TASK - Transcribe, word for word and without additions, each line below from the one containing "interpret M: comm_group" through the one containing "by (auto simp: hom_def two_tors_def)", both ends included.
━━━━━ PROVIDED DATA
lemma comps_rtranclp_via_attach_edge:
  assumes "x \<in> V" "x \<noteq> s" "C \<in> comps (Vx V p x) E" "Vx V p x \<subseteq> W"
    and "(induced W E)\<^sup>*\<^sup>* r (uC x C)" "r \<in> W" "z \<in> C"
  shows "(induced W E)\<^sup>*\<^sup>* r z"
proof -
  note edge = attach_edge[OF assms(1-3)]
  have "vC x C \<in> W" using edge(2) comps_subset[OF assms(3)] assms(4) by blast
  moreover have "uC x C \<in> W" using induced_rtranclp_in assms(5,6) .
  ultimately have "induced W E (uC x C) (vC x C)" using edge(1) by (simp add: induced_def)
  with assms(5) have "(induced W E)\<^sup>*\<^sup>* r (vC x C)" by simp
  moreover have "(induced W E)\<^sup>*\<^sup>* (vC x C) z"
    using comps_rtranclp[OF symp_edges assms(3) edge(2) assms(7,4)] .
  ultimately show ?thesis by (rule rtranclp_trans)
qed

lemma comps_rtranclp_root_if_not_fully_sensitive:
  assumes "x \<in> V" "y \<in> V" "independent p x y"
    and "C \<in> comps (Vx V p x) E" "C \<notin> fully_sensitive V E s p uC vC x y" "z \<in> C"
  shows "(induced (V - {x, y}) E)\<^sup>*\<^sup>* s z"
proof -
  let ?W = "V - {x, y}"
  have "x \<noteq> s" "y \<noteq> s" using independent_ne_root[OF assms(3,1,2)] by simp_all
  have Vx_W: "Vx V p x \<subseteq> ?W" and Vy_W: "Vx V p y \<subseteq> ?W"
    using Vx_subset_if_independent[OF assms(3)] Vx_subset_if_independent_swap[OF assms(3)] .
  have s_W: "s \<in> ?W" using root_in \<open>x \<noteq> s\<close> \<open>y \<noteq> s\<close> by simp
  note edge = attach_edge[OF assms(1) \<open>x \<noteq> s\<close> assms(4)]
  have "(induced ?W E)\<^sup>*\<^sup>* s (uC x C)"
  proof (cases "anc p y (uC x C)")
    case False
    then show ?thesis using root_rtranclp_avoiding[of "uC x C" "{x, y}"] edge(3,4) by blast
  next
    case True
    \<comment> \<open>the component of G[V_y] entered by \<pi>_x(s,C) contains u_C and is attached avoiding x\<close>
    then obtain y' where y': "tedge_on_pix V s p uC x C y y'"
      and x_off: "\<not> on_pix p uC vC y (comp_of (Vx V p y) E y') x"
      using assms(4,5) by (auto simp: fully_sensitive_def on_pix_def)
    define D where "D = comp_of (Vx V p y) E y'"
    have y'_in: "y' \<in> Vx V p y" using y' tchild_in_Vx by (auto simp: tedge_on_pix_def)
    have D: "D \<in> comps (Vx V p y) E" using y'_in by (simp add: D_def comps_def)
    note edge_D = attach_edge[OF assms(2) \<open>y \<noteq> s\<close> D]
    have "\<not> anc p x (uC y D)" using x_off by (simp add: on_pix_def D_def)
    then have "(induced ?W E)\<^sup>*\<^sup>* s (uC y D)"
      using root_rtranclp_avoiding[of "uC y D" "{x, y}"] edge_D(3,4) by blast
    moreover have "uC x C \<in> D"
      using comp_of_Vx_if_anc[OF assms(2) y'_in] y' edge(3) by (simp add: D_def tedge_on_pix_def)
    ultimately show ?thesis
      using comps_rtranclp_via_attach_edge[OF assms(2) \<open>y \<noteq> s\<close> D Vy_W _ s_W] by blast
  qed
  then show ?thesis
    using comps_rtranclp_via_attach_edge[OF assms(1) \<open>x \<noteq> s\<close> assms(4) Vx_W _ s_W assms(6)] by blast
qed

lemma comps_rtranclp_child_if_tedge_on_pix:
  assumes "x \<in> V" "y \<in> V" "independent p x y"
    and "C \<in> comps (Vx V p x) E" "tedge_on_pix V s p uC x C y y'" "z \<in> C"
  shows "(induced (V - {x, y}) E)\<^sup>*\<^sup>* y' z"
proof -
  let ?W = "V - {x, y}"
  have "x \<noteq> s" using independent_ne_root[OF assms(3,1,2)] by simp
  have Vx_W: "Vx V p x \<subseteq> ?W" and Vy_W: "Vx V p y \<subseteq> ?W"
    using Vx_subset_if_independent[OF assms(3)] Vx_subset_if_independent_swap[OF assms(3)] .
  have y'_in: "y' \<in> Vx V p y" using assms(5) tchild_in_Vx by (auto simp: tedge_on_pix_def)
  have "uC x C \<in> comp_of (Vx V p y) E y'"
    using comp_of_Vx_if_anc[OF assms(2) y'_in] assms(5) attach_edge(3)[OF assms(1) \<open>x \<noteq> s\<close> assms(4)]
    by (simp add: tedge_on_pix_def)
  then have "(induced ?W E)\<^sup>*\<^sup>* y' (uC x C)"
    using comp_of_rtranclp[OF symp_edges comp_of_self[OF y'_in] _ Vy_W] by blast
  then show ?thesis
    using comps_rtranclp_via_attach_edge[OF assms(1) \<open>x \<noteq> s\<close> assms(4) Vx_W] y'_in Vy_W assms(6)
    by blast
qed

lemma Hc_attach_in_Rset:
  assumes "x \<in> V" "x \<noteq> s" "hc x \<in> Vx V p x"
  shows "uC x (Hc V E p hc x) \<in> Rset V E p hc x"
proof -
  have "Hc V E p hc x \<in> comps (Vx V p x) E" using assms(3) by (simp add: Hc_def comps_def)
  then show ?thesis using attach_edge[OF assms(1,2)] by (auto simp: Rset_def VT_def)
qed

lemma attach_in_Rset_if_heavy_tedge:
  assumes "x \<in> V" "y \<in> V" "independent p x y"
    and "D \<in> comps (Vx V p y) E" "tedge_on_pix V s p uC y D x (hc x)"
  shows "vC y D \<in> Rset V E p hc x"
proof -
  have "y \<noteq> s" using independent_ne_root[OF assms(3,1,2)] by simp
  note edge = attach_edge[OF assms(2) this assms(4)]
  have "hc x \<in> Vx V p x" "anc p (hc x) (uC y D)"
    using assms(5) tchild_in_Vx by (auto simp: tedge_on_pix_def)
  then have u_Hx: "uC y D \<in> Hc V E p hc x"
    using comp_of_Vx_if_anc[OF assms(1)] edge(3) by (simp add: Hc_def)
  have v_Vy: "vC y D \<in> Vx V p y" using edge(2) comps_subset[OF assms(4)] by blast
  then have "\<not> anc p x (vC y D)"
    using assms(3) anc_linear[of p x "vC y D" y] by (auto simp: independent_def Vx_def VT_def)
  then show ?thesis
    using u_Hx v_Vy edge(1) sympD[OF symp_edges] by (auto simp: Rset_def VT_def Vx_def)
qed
━━━━━━━━━━
━━━━━ PROVIDED DATA
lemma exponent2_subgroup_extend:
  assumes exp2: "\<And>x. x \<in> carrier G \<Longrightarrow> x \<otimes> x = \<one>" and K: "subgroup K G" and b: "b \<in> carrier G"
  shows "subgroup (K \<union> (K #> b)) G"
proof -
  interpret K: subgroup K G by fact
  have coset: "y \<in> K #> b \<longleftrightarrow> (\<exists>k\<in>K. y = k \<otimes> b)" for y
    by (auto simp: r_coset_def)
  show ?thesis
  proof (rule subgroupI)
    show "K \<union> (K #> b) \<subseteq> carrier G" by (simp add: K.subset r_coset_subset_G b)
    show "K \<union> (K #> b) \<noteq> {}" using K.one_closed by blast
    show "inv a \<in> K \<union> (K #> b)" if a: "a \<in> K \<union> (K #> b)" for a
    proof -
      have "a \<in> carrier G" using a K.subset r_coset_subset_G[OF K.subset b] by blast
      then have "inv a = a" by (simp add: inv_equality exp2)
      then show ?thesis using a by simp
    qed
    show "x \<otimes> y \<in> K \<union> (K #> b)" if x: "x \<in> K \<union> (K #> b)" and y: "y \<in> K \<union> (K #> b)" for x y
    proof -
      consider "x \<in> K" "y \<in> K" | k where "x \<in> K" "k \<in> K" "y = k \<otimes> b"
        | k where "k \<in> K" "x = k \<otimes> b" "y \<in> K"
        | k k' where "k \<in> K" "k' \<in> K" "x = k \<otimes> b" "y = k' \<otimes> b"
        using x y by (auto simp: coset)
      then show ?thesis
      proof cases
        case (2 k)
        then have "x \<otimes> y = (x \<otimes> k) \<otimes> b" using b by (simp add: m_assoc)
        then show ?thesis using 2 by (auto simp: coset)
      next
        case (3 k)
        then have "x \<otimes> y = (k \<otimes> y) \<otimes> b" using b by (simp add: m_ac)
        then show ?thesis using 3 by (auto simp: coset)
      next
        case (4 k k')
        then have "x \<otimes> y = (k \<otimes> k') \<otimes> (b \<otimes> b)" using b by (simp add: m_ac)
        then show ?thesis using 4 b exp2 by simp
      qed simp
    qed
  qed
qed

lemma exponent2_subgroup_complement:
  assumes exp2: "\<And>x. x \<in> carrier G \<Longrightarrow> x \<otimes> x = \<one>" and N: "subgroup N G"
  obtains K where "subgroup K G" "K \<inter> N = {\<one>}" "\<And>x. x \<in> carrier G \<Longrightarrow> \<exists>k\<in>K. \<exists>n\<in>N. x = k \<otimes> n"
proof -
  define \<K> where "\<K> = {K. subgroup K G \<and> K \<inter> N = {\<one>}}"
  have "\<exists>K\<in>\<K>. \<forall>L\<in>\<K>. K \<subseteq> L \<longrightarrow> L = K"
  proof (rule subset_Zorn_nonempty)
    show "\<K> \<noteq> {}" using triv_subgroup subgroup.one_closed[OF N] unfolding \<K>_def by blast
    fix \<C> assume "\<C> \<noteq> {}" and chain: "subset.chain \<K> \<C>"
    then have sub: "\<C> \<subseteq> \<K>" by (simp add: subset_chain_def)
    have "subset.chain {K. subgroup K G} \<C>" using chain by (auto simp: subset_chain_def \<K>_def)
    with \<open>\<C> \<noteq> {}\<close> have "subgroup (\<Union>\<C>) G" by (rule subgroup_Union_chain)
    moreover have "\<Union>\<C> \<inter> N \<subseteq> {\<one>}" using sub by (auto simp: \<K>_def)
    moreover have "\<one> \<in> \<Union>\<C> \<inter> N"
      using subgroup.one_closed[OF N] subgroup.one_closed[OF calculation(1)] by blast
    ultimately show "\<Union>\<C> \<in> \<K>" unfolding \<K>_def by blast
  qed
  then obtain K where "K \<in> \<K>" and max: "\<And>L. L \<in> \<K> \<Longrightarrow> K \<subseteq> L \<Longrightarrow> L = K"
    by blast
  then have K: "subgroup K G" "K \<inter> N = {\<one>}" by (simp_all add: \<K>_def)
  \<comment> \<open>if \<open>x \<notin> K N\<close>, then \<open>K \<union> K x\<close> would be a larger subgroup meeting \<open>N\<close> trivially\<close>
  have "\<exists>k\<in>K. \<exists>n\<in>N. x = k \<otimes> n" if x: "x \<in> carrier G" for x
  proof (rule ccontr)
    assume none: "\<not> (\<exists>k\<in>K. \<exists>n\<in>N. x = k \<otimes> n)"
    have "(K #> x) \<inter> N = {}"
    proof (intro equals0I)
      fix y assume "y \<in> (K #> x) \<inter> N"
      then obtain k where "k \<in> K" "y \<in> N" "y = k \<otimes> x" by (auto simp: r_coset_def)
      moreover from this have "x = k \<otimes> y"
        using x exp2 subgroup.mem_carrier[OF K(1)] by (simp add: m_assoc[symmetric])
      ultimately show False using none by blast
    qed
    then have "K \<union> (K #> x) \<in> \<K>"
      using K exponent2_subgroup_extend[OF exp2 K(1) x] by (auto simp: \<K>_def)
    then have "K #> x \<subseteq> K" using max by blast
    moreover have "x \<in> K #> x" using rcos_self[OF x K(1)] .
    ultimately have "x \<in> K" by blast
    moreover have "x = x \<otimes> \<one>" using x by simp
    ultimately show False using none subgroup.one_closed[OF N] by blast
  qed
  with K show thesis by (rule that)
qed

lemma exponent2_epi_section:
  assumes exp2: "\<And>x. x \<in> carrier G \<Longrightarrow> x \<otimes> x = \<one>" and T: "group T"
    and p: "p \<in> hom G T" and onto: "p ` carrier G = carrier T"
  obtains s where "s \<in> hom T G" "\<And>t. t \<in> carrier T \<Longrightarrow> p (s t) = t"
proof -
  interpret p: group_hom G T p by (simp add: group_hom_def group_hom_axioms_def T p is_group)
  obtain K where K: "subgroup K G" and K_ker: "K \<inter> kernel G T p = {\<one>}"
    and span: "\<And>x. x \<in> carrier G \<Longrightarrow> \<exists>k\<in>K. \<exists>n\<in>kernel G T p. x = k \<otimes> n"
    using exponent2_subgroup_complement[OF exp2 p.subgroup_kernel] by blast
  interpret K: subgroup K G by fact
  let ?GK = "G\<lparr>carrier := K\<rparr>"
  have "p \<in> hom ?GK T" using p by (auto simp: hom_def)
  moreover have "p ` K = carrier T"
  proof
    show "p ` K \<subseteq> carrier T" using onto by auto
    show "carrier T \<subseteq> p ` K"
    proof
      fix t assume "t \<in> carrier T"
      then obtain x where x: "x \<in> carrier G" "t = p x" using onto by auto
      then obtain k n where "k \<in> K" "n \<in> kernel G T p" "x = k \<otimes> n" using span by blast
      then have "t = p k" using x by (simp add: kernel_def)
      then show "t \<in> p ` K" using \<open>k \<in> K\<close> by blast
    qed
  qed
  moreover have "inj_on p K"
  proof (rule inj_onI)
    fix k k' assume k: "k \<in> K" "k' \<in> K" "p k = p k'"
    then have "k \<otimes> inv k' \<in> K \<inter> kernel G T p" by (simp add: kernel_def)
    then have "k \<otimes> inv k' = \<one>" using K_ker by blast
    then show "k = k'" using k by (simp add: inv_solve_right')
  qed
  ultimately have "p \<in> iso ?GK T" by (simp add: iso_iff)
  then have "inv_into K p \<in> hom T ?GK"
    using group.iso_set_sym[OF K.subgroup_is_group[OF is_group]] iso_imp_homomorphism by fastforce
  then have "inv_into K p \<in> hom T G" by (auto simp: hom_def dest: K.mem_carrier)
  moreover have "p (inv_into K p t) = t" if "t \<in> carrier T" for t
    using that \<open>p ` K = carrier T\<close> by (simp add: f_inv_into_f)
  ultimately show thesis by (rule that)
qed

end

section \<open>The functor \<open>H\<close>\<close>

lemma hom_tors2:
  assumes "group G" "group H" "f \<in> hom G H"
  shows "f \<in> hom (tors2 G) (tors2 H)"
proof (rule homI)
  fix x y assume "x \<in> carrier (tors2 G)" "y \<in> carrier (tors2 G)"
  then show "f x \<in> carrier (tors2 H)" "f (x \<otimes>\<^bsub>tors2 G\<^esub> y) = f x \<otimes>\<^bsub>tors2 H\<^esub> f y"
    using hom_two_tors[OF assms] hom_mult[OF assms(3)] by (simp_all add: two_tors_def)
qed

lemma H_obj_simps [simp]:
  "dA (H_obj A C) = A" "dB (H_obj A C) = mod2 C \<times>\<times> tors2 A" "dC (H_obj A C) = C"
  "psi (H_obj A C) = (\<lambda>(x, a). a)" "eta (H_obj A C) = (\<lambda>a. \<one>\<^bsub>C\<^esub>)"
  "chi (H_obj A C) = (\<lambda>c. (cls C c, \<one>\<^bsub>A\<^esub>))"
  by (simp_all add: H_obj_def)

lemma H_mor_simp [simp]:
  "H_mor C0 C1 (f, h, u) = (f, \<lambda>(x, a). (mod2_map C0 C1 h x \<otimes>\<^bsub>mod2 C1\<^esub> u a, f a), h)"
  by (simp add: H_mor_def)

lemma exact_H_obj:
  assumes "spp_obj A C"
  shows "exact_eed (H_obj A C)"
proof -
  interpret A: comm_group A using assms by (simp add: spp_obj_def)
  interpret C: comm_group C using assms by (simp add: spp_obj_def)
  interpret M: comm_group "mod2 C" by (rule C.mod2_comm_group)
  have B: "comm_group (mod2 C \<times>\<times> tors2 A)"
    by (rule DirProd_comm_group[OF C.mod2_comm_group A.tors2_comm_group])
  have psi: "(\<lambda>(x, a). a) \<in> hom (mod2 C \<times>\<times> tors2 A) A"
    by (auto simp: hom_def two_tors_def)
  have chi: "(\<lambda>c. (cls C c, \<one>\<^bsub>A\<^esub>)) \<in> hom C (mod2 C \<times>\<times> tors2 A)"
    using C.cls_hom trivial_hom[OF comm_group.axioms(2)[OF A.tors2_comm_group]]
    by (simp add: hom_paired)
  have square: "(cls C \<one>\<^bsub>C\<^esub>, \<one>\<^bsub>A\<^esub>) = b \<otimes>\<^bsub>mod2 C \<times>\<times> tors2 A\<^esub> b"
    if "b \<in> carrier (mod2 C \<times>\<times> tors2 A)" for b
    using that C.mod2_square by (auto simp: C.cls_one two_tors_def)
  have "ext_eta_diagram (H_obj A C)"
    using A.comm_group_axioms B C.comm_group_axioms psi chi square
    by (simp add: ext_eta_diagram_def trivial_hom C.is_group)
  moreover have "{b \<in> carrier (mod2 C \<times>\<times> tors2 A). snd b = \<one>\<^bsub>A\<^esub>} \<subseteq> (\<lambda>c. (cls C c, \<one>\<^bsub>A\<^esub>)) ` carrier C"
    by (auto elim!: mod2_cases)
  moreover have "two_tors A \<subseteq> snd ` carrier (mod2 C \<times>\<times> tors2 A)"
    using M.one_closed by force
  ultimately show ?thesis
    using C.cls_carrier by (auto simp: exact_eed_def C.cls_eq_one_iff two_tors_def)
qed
━━━━━━━━━━
RESULT FOR THIS TASK -
  interpret M: comm_group "mod2 C" by (rule C.mod2_comm_group)
  have B: "comm_group (mod2 C \<times>\<times> tors2 A)"
    by (rule DirProd_comm_group[OF C.mod2_comm_group A.tors2_comm_group])
  have psi: "(\<lambda>(x, a). a) \<in> hom (mod2 C \<times>\<times> tors2 A) A"
    by (auto simp: hom_def two_tors_def)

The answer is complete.